Has anyone uploaded any greek books on hers/his Kindle? I have tried to upload a greek book that I downloaded from Project Gutenberg on my Kindle but I can't find it afterwards. I see that there is an item not indexed yet but still it doesn't show up anywhere.

The book is in mobi format.

Can anyone help with this?

Thanks,
Thomas


----------



## Linjeakel (Mar 17, 2010)

Hi, Thomas - welcome to Kindleboards! 

If it's a .mobi file and you put it in the 'documents' folder on your Kindle, it should show up. That doesn't necessarily mean you would be able to open and read it, but it should show up on your home page.

I would double check that you put it in the correct place (the 'documents' folder) and then if you have an item that won't index (and you're not missing any other books) I would suggest you delete that and download the file again.

At some point you might try a restart too (menu-->settings-->menu-->restart) as many problems are solved by a simple 'reboot' of the system.
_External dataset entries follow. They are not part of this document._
lemma glue_flipped_new_diagonal:
  "glue flipped (a, c) = (q, q')" "glue flipped (c, a) = (q', q)"
  "glue flipped (q, q') = (a, c)" "glue flipped (q', q) = (c, a)"
  unfolding glue_flipped flipped_glue_def by (simp_all add: corners_neq)

lemma glue_flipped_rho:
  "w \<in> darts T - old_diagonal \<Longrightarrow> glue flipped (rho w) = rho (glue T w)"
  using rho_outer unfolding glue_flipped flipped_glue_def by auto

lemma glue_flipped_outer:
  assumes "w \<in> darts flipped - new_diagonal"
  shows "glue flipped w \<in> darts flipped - new_diagonal"
    and "rho_back (glue flipped w) = glue T (rho_back w)"
proof -
  have u: "rho_back w \<in> darts T - old_diagonal" "rho (rho_back w) = w"
    using rho_back_outer[OF assms] by simp_all
  have "glue flipped w = rho (glue T (rho_back w))"
    using glue_flipped_rho[OF u(1)] u(2) by simp
  with rho_outer[OF glue_outer[OF u(1)]]
  show "glue flipped w \<in> darts flipped - new_diagonal"
    and "rho_back (glue flipped w) = glue T (rho_back w)" by simp_all
qed

lemma untrapped_pq: "\<not> trapped T (p, q)"
proof
  assume "trapped T (p, q)"
  then obtain D where "D \<in> tris T" "p \<in> D" "p' \<in> D"
    unfolding trapped_def glue_pq by auto
  then show False
    using tris_eq corner_notin_other corners_neq by auto
qed

lemma untrapped_new_diagonal: "\<not> trapped flipped (a, c)"
proof
  assume "trapped flipped (a, c)"
  then obtain D where "D \<in> tris flipped" "a \<in> D" "q \<in> D"
    unfolding trapped_def glue_flipped_new_diagonal by auto
  then show False
    using tris_flipped corner_notin_other corners_neq by auto
qed

lemma other_tris_avoid_corners: "{a, p, q, c, p', q'} \<inter> \<Union>other_tris = {}"
  using corner_notin_other by blast

lemma naked_flip_forward: "naked_flip T (p, q) flipped rho"
  unfolding naked_flip_def
  by (rule exI[of _ p], rule exI[of _ q], rule exI[of _ a], rule exI[of _ c],
      rule exI[of _ p'], rule exI[of _ q'], rule exI[of _ a], rule exI[of _ p],
      rule exI[of _ c], rule exI[of _ q], rule exI[of _ p'], rule exI[of _ q'])
    (use tri_left tri_right corners_neq glue_pq other_tris_avoid_corners glue_flipped_rho
       glue_flipped_new_diagonal in
     \<open>auto simp: tris_flipped other_tris_def edge_darts_pq rho_def\<close>)

lemma edge_darts_new_diagonal: "edge_darts flipped (a, c) = new_diagonal"
  unfolding edge_darts_def glue_flipped_new_diagonal by auto

lemma flipped_minus_new_tris: "tris flipped - {{a, p, c}, {q, p', q'}} = other_tris"
proof -
  have "{a, p, c} \<notin> other_tris" "{q, p', q'} \<notin> other_tris"
    using corner_notin_other by blast+
  then show ?thesis unfolding tris_flipped by blast
qed

lemma naked_flip_back: "naked_flip flipped (a, c) T rho_back"
proof -
  have sets: "{p, a, c} = {a, p, c}" "{p', q, q'} = {q, p', q'}"
    "{p, a, q} = {a, p, q}" "{p', c, q'} = {c, p', q'}" by auto
  have new_tris_ne: "{a, p, c} \<noteq> {q, p', q'}" using corners_neq by auto
  show ?thesis
    unfolding naked_flip_def
    by (rule exI[of _ a], rule exI[of _ c], rule exI[of _ p], rule exI[of _ p'],
        rule exI[of _ q], rule exI[of _ q'], rule exI[of _ p], rule exI[of _ a],
        rule exI[of _ q], rule exI[of _ p'], rule exI[of _ c], rule exI[of _ q'],
        simp only: sets)
      (use new_tris_ne tri_new corners_neq glue_pq glue_old_diagonal other_tris_avoid_corners
         glue_flipped_outer(2) glue_flipped_new_diagonal in
       \<open>auto simp: flipped_minus_new_tris tris_eq edge_darts_new_diagonal rho_back_def\<close>)
qed

lemma new_diagonal_darts: "new_diagonal \<subseteq> darts flipped"
  using tri_new corners_neq by (auto intro: in_dartsI)

lemma flipped_orientation_outer:
  "w \<in> darts flipped - new_diagonal \<Longrightarrow> w \<in> flipped_orientation b \<longleftrightarrow> rho_back w \<in> b"
  unfolding flipped_orientation_def by auto

lemma flipped_orientation_new_diagonal:
  "(a, c) \<in> flipped_orientation b \<longleftrightarrow> (a, p) \<in> b"
  "(c, a) \<in> flipped_orientation b \<longleftrightarrow> (a, p) \<notin> b"
  "(q, q') \<in> flipped_orientation b \<longleftrightarrow> (a, p) \<in> b"
  "(q', q) \<in> flipped_orientation b \<longleftrightarrow> (a, p) \<notin> b"
  using new_diagonal_darts corners_neq unfolding flipped_orientation_def by auto

lemma flipped_orientation_sides:
  "(a, p) \<in> flipped_orientation b \<longleftrightarrow> (a, p) \<in> b"
  "(p, a) \<in> flipped_orientation b \<longleftrightarrow> (p, a) \<in> b"
  "(p, c) \<in> flipped_orientation b \<longleftrightarrow> (p', c) \<in> b"
  "(c, p) \<in> flipped_orientation b \<longleftrightarrow> (c, p') \<in> b"
  "(q, p') \<in> flipped_orientation b \<longleftrightarrow> (a, q) \<in> b"
  "(p', q) \<in> flipped_orientation b \<longleftrightarrow> (q, a) \<in> b"
  "(p', q') \<in> flipped_orientation b \<longleftrightarrow> (q', c) \<in> b"
  "(q', p') \<in> flipped_orientation b \<longleftrightarrow> (c, q') \<in> b"
  using flipped_orientation_outer[of _ b] rho_back_sides outer_darts_flipped by auto

lemma is_orientation_flipped:
  assumes b: "is_orientation T b"
  shows "is_orientation flipped (flipped_orientation b)"
proof -
  have b_swap: "(u \<in> b) \<noteq> (prod.swap u \<in> b)" and b_glue: "u \<in> b \<longleftrightarrow> glue T u \<in> b"
    if "u \<in> darts T" for u
    using b that unfolding is_orientation_def by blast+
  have swap: "(w \<in> flipped_orientation b) \<noteq> (prod.swap w \<in> flipped_orientation b)"
    if w: "w \<in> darts flipped" for w
  proof (cases "w \<in> new_diagonal")
    case True
    then show ?thesis by (elim insertE emptyE) (simp_all add: flipped_orientation_new_diagonal)
  next
    case False
    then have "prod.swap w \<in> darts flipped - new_diagonal"
      using swap_in_darts[OF w] by (cases w) auto
    moreover have "rho_back w \<in> darts T" using rho_back_outer w False by blast
    ultimately show ?thesis
      using w False b_swap flipped_orientation_outer rho_back_swap by simp
  qed
  have glue: "w \<in> flipped_orientation b \<longleftrightarrow> glue flipped w \<in> flipped_orientation b"
    if w: "w \<in> darts flipped" for w
  proof (cases "w \<in> new_diagonal")
    case True
    then show ?thesis
      by (elim insertE emptyE)
        (simp_all add: flipped_orientation_new_diagonal glue_flipped_new_diagonal)
  next
    case False
    then have w': "w \<in> darts flipped - new_diagonal" using w by blast
    then have "rho_back w \<in> darts T" using rho_back_outer by blast
    then show ?thesis
      using w' b_glue glue_flipped_outer flipped_orientation_outer by simp
  qed
  have "flipped_orientation b \<subseteq> darts flipped"
    unfolding flipped_orientation_def by blast
  with swap glue show ?thesis unfolding is_orientation_def by blast
qed

lemma old_sides_orientation:
  assumes "is_orientation T b"
  shows "(p, a) \<in> b \<longleftrightarrow> (a, p) \<notin> b" "(c, p') \<in> b \<longleftrightarrow> (p', c) \<notin> b"
    "(q, a) \<in> b \<longleftrightarrow> (a, q) \<notin> b" "(c, q') \<in> b \<longleftrightarrow> (q', c) \<notin> b"
proof -
  have "(w \<in> b) \<noteq> (prod.swap w \<in> b)" if "w \<in> darts T" for w
    using assms that unfolding is_orientation_def by blast
  with old_sides_darts
  show "(p, a) \<in> b \<longleftrightarrow> (a, p) \<notin> b" "(c, p') \<in> b \<longleftrightarrow> (p', c) \<notin> b"
    "(q, a) \<in> b \<longleftrightarrow> (a, q) \<notin> b" "(c, q') \<in> b \<longleftrightarrow> (q', c) \<notin> b"
    by (metis insert_subset swap_simp)+
qed

lemma is_branching_flipped:
  assumes b: "is_branching T b" and same_side: "(a, p) \<in> b \<longleftrightarrow> (a, q) \<in> b"
  shows "is_branching flipped (flipped_orientation b)"
  unfolding is_branching_def
proof (intro conjI ballI)
  have orient: "is_orientation T b" using b unfolding is_branching_def by blast
  then show "is_orientation flipped (flipped_orientation b)" by (rule is_orientation_flipped)
  fix D assume "D \<in> tris flipped"
  then consider "D \<in> other_tris" | "D = {a, p, c}" | "D = {q, p', q'}"
    using tris_flipped by blast
  then show "\<exists>r :: 'c \<Rightarrow> nat. inj_on r D \<and> (\<forall>x\<in>D. \<forall>y\<in>D. x \<noteq> y \<longrightarrow>
      ((x, y) \<in> flipped_orientation b \<longleftrightarrow> r x < r y))"
  proof cases
    case 1
    then obtain r :: "'c \<Rightarrow> nat" where r: "inj_on r D"
      "\<forall>x\<in>D. \<forall>y\<in>D. x \<noteq> y \<longrightarrow> ((x, y) \<in> b \<longleftrightarrow> r x < r y)"
      using b unfolding is_branching_def other_tris_def by blast
    have "(x, y) \<in> flipped_orientation b \<longleftrightarrow> (x, y) \<in> b" if "x \<in> D" "y \<in> D" "x \<noteq> y" for x y
    proof -
      have "(x, y) \<in> other_darts" using 1 that by (rule other_dartsI)
      then show ?thesis
        using flipped_orientation_outer rho_back_other outer_darts_flipped by simp
    qed
    with r show ?thesis by (intro exI[of _ r]) simp
  next
    case 2
    show ?thesis unfolding 2
      by (rule acyclic_triangle_ranking)
        (simp_all add: corners_neq flipped_orientation_sides flipped_orientation_new_diagonal
          old_sides_orientation[OF orient])
  next
    case 3
    show ?thesis unfolding 3
      by (rule acyclic_triangle_ranking)
        (simp_all add: corners_neq flipped_orientation_sides flipped_orientation_new_diagonal
          old_sides_orientation[OF orient] same_side)
  qed
qed

lemma b_flip_forward:
  assumes "is_branching T b" and "(a, p) \<in> b \<longleftrightarrow> (a, q) \<in> b"
  shows "b_flip T b flipped (flipped_orientation b)"
  unfolding b_flip_def
proof (intro exI conjI)
  show "(p, q) \<in> darts T" by (rule pq_in_darts)
  show "\<not> trapped T (p, q)" by (rule untrapped_pq)
  show "naked_flip T (p, q) flipped rho" by (rule naked_flip_forward)
  show "is_branching flipped (flipped_orientation b)" using assms by (rule is_branching_flipped)
  show "\<forall>w\<in>darts T - edge_darts T (p, q). w \<in> b \<longleftrightarrow> rho w \<in> flipped_orientation b"
    unfolding edge_darts_pq using rho_outer flipped_orientation_outer by auto
qed

lemma b_flip_back:
  assumes "is_branching T b'" and agree: "\<forall>w\<in>darts T - old_diagonal. w \<in> b' \<longleftrightarrow> w \<in> b"
  shows "b_flip flipped (flipped_orientation b) T b'"
  unfolding b_flip_def
proof (intro exI conjI)
  show "(a, c) \<in> darts flipped" using new_diagonal_darts by blast
  show "\<not> trapped flipped (a, c)" by (rule untrapped_new_diagonal)
  show "naked_flip flipped (a, c) T rho_back" by (rule naked_flip_back)
  show "is_branching T b'" by fact
  show "\<forall>w\<in>darts flipped - edge_darts flipped (a, c).
      w \<in> flipped_orientation b \<longleftrightarrow> rho_back w \<in> b'"
    unfolding edge_darts_new_diagonal using rho_back_outer flipped_orientation_outer agree by auto
qed

end

lemma untrapped_edge_quadrilateral:
  assumes wf: "wf_triang T" and e: "(p, q) \<in> darts T" and untrapped: "\<not> trapped T (p, q)"
  obtains a c p' q' where "quadrilateral T a p q c p' q'"
proof -
  obtain A where A: "A \<in> tris T" "p \<in> A" "q \<in> A" and "p \<noteq> q"
    using e unfolding darts_def by auto
  then obtain a where a: "A = {a, p, q}" "a \<notin> {p, q}"
    using card_3_obtain_third wf_triang_card[OF wf] by metis
  obtain p' q' where g: "glue T (p, q) = (p', q')" by fastforce
  have "(p', q') \<in> darts T" using wf_triang_glue(1)[OF wf e] g by simp
  then obtain C where C: "C \<in> tris T" "p' \<in> C" "q' \<in> C" and "p' \<noteq> q'"
    unfolding darts_def by auto
  then obtain c where c: "C = {c, p', q'}" "c \<notin> {p', q'}"
    using card_3_obtain_third wf_triang_card[OF wf] by metis
  have "A \<noteq> C" using untrapped g A C unfolding trapped_def by auto
  then have "A \<inter> C = {}" using wf_triang_disjoint[OF wf A(1) C(1)] by blast
  then have "distinct [a, p, q, c, p', q']"
    using a c \<open>p \<noteq> q\<close> \<open>p' \<noteq> q'\<close> by auto
  with wf A(1) C(1) a c g show thesis
    by (intro that) (unfold_locales, auto)
qed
Let us know how you get on.


----------



## kokos (Dec 24, 2011)

Hello,

I have tried all these but still the book does not show up anywhere.

Thomas


----------



## Betsy the Quilter (Oct 27, 2008)

kokos said:


> Hello,
> 
> Has anyone uploaded any greek books on hers/his Kindle? I have tried to upload a greek book that I downloaded from Project Gutenberg on my Kindle but I can't find it afterwards. I see that there is an item not indexed yet but still it doesn't show up anywhere.
> 
> ...


Thomas,

Can you give me a link to the book so I can test?

Betsy


----------



## Beatriz (Feb 22, 2011)

kokos said:


> Hello,
> 
> Has anyone uploaded any greek books on hers/his Kindle? I have tried to upload a greek book that I downloaded from Project Gutenberg on my Kindle but I can't find it afterwards. I see that there is an item not indexed yet but still it doesn't show up anywhere.
> 
> ...


Nope, sorry. I have never tried to upload to my Kindle in any other language but English. Call Support, that's my answer for everything.


----------



## kokos (Dec 24, 2011)

Betsy the Quilter said:


> Thomas,
> 
> Can you give me a link to the book so I can test?
> 
> Betsy


Hello Betsy,

Here is a link: http://www.gutenberg.org/ebooks/28626

Thanks,
Thomas


----------